将字典作为输入传输给模型就像创建 tf.keras.layers.Input 层的匹配字典一样简单,应用任何预处理并使用 functional api。 您可以使用它作为 feature columns 的替代方法。

inputs = {key: tf.keras.layers.Input(shape=(), name=key) for key in df.keys()}
x = tf.stack(list(inputs.values()), axis=-1)
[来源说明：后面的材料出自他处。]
lemma coords_bracket: "coords (br x y) = mu n ad_matrix ad_c ad_d (coords x) (coords y)"
proof -
  have D: "coords (br N (ideal_part z)) = Dmap n ad_matrix ad_c ad_d (coords z)" for z
  proof -
    have "coords (br N (ideal_part z)) = Dmap n ad_matrix ad_c ad_d (coords (ideal_part z))"
      by (rule coords_ad_N[OF ideal_part_in_ideal])
    also have "\<dots> = Dmap n ad_matrix ad_c ad_d (coords z)"
      by (rule Dmap_ignores_last[OF n_pos coords_ideal_part])
    finally show ?thesis .
  qed
  have "coords (br x y) = (\<lambda>i. metric x N * coords (br N (ideal_part y)) i
                              - metric y N * coords (br N (ideal_part x)) i)"
    unfolding bracket_decomposition[of x y] by (simp add: coords_def form_simps fun_eq_iff)
  then show ?thesis unfolding D mu_def coords_last .
qed

lemma ad_matrix_complex: "A_complex n ad_matrix"
  unfolding A_complex_def
proof
  fix w assume w: "w \<in> Vsp n"
  have "w \<in> Rsp n" unfolding Rsp_def
  proof (intro CollectI allI impI)
    fix i assume "i \<notin> {1..2*n}"
    then have "i \<notin> {2..2*n-1}" by auto
    then show "w i = 0" using w unfolding Vsp_def by blast
  qed
  then obtain u where u: "coords u = w"
    using bij_betw_coords unfolding bij_betw_def by (metis imageE)
  have w_ends: "w 1 = 0" "w (2*n) = 0" "Jstd n w 1 = 0"
    using w n_pos unfolding Vsp_def Jstd_def by auto
  have "metric u (b 1) = coords u 1" using n_pos by (simp add: coords_def)
  then have "metric u (b 1) = 0" using u w_ends(1) by simp
  moreover have "u \<in> I" using coords_last[of u] u w_ends(2) ideal_eq_perp by simp
  ultimately have uI: "u \<in> I" "J u \<in> I" using J_in_ideal by auto
  have Au: "coords (br N u) = Amap n ad_matrix w"
    using coords_ad_N[OF uI(1), unfolded u] Dmap_eq_Amap[of w, OF w_ends(1)] by simp
  have "Amap n ad_matrix (Jstd n w) = Dmap n ad_matrix ad_c ad_d (coords (J u))"
    using Dmap_eq_Amap[of "Jstd n w", OF w_ends(3)] coords_J[of u, unfolded u] by simp
  also have "\<dots> = coords (J (br N u))"
    using coords_ad_N[OF uI(2)] ad_N_commutes_J[OF uI] by simp
  also have "\<dots> = Jstd n (Amap n ad_matrix w)" using coords_J[of "br N u"] Au by simp
  finally show "Amap n ad_matrix (Jstd n w) = Jstd n (Amap n ad_matrix w)" .
qed

end

context hermitian_algebra
begin

lemma ideal_unit_normal:
  assumes "lie_ideal br I" "dim I = DIM('a) - 1"
  shows "\<exists>N. metric N N = 1 \<and> (\<forall>z. z \<in> I \<longleftrightarrow> metric z N = 0) \<and>
             metric (br N (J N)) (J N) \<ge> 0"
proof -
  obtain N where N: "metric N N = 1" "\<forall>z. z \<in> I \<longleftrightarrow> metric z N = 0"
    using unit_normal_of_hyperplane assms unfolding lie_ideal_def by blast
  have flip: "metric (br (- N) (J (- N))) (J (- N)) = - metric (br N (J N)) (J N)"
    by (simp add: J_simps form_simps bilinear_lneg[OF bracket_bilinear]
        bilinear_rneg[OF bracket_bilinear])
  have neg: "metric (- N) (- N) = 1" "\<forall>z. z \<in> I \<longleftrightarrow> metric z (- N) = 0"
    using N by (simp_all add: form_simps)
  show ?thesis
  proof (cases "metric (br N (J N)) (J N) \<ge> 0")
    case True
    then show ?thesis using N by blast
  next
    case False
    then show ?thesis using neg flip by (intro exI[of _ "- N"]) auto
  qed
qed

lemma normal_form:
  assumes "lie_ideal br I" "abelian_subalg br I" "dim I = DIM('a) - 1"
  shows "\<exists>a c d \<phi>. A_complex n a \<and> c \<ge> 0 \<and> linear_to_R \<phi> \<and> bij_betw \<phi> UNIV (Rsp n) \<and>
            (\<forall>x y. \<phi> (br x y) = mu n a c d (\<phi> x) (\<phi> y)) \<and>
            (\<forall>x. \<phi> (J x) = Jstd n (\<phi> x)) \<and>
            (\<forall>x y. \<omega>std n (\<phi> x) (\<phi> y) = \<omega> x y)"
proof -
  obtain N0 where N0: "metric N0 N0 = 1" "\<forall>z. z \<in> I \<longleftrightarrow> metric z N0 = 0"
    "metric (br N0 (J N0)) (J N0) \<ge> 0"
    using ideal_unit_normal[OF assms(1,3)] by blast
  obtain b where b: "adapted_basis b" "b (2*n) = N0"
    using adapted_basis_exists[OF N0(1)] by blast
  interpret normal_frame br J \<omega> n b I
    by unfold_locales (use assms b N0 in auto)
  have "ad_c = metric (br N0 (J N0)) (J N0)"
    unfolding ad_c_def ad_matrix_def basis_first b(2)
    by (simp add: form_simps bilinear_rneg[OF bracket_bilinear])
  then show ?thesis
    using N0(3) ad_matrix_complex linear_to_R_coords bij_betw_coords coords_bracket coords_J
      omega_std_coords
    by (intro exI[of _ ad_matrix] exI[of _ ad_c] exI[of _ ad_d] exI[of _ coords]) auto
qed

end

theorem lemma6p1:
  fixes br :: "'a::euclidean_space \<Rightarrow> 'a \<Rightarrow> 'a" and J :: "'a \<Rightarrow> 'a"
    and \<omega> :: "'a \<Rightarrow> 'a \<Rightarrow> real" and n :: nat
  assumes herm: "hermitian_lie_algebra br J \<omega>"
    and dimg: "DIM('a) = 2 * n"
    and ideal: "\<exists>I. lie_ideal br I \<and> abelian_subalg br I \<and> dim I = DIM('a) - 1"
  shows "(\<exists>a c d \<phi>. A_complex n a \<and> c \<ge> 0 \<and>
            linear_to_R \<phi> \<and> bij_betw \<phi> UNIV (Rsp n) \<and>
            (\<forall>x y. \<phi> (br x y) = mu n a c d (\<phi> x) (\<phi> y)) \<and>
            (\<forall>x. \<phi> (J x) = Jstd n (\<phi> x)) \<and>
            (\<forall>x y. \<omega>std n (\<phi> x) (\<phi> y) = \<omega> x y))
       \<and> (\<forall>(a :: nat \<Rightarrow> nat \<Rightarrow> real) (c::real) (d :: nat \<Rightarrow> real). A_complex n a \<longrightarrow>
            (\<forall>X\<in>Rsp n. \<forall>Y\<in>Rsp n. chern_ricci_form n (mu n a c d) (Jstd n) X Y
                = - (1/2) * c * (2*c + trA n a) * (X 1 * Y (2*n) - X (2*n) * Y 1)) \<and>
            (\<forall>X\<in>Rsp n. chern_ricci_op n (mu n a c d) (Jstd n) (\<omega>std n) X
                = (\<lambda>i. (- (1/2) * c * (2*c + trA n a)) * pistd n X i)))"
proof -
  interpret hermitian_algebra br J \<omega> n using herm dimg by unfold_locales
  obtain I where I: "lie_ideal br I" "abelian_subalg br I" "dim I = DIM('a) - 1"
    using ideal by blast
  show ?thesis
    using normal_form[OF I] chern_ricci_form_mu[OF n_pos] chern_ricci_op_mu[OF n_pos] by auto
qed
x = tf.keras.layers.Dense(10, activation='relu')(x)
output = tf.keras.layers.Dense(1, activation='sigmoid')(x)

model_func = tf.keras.Model(inputs=inputs, outputs=output)

model_func.compile(optimizer='adam',
                   loss='binary_crossentropy',
                   metrics=['accuracy'])

tf.data 一起使用时,保存 pd.DataFrame 列结构的最简单方法是将 pd.DataFrame 转换为 dict ,并对该字典进行切片。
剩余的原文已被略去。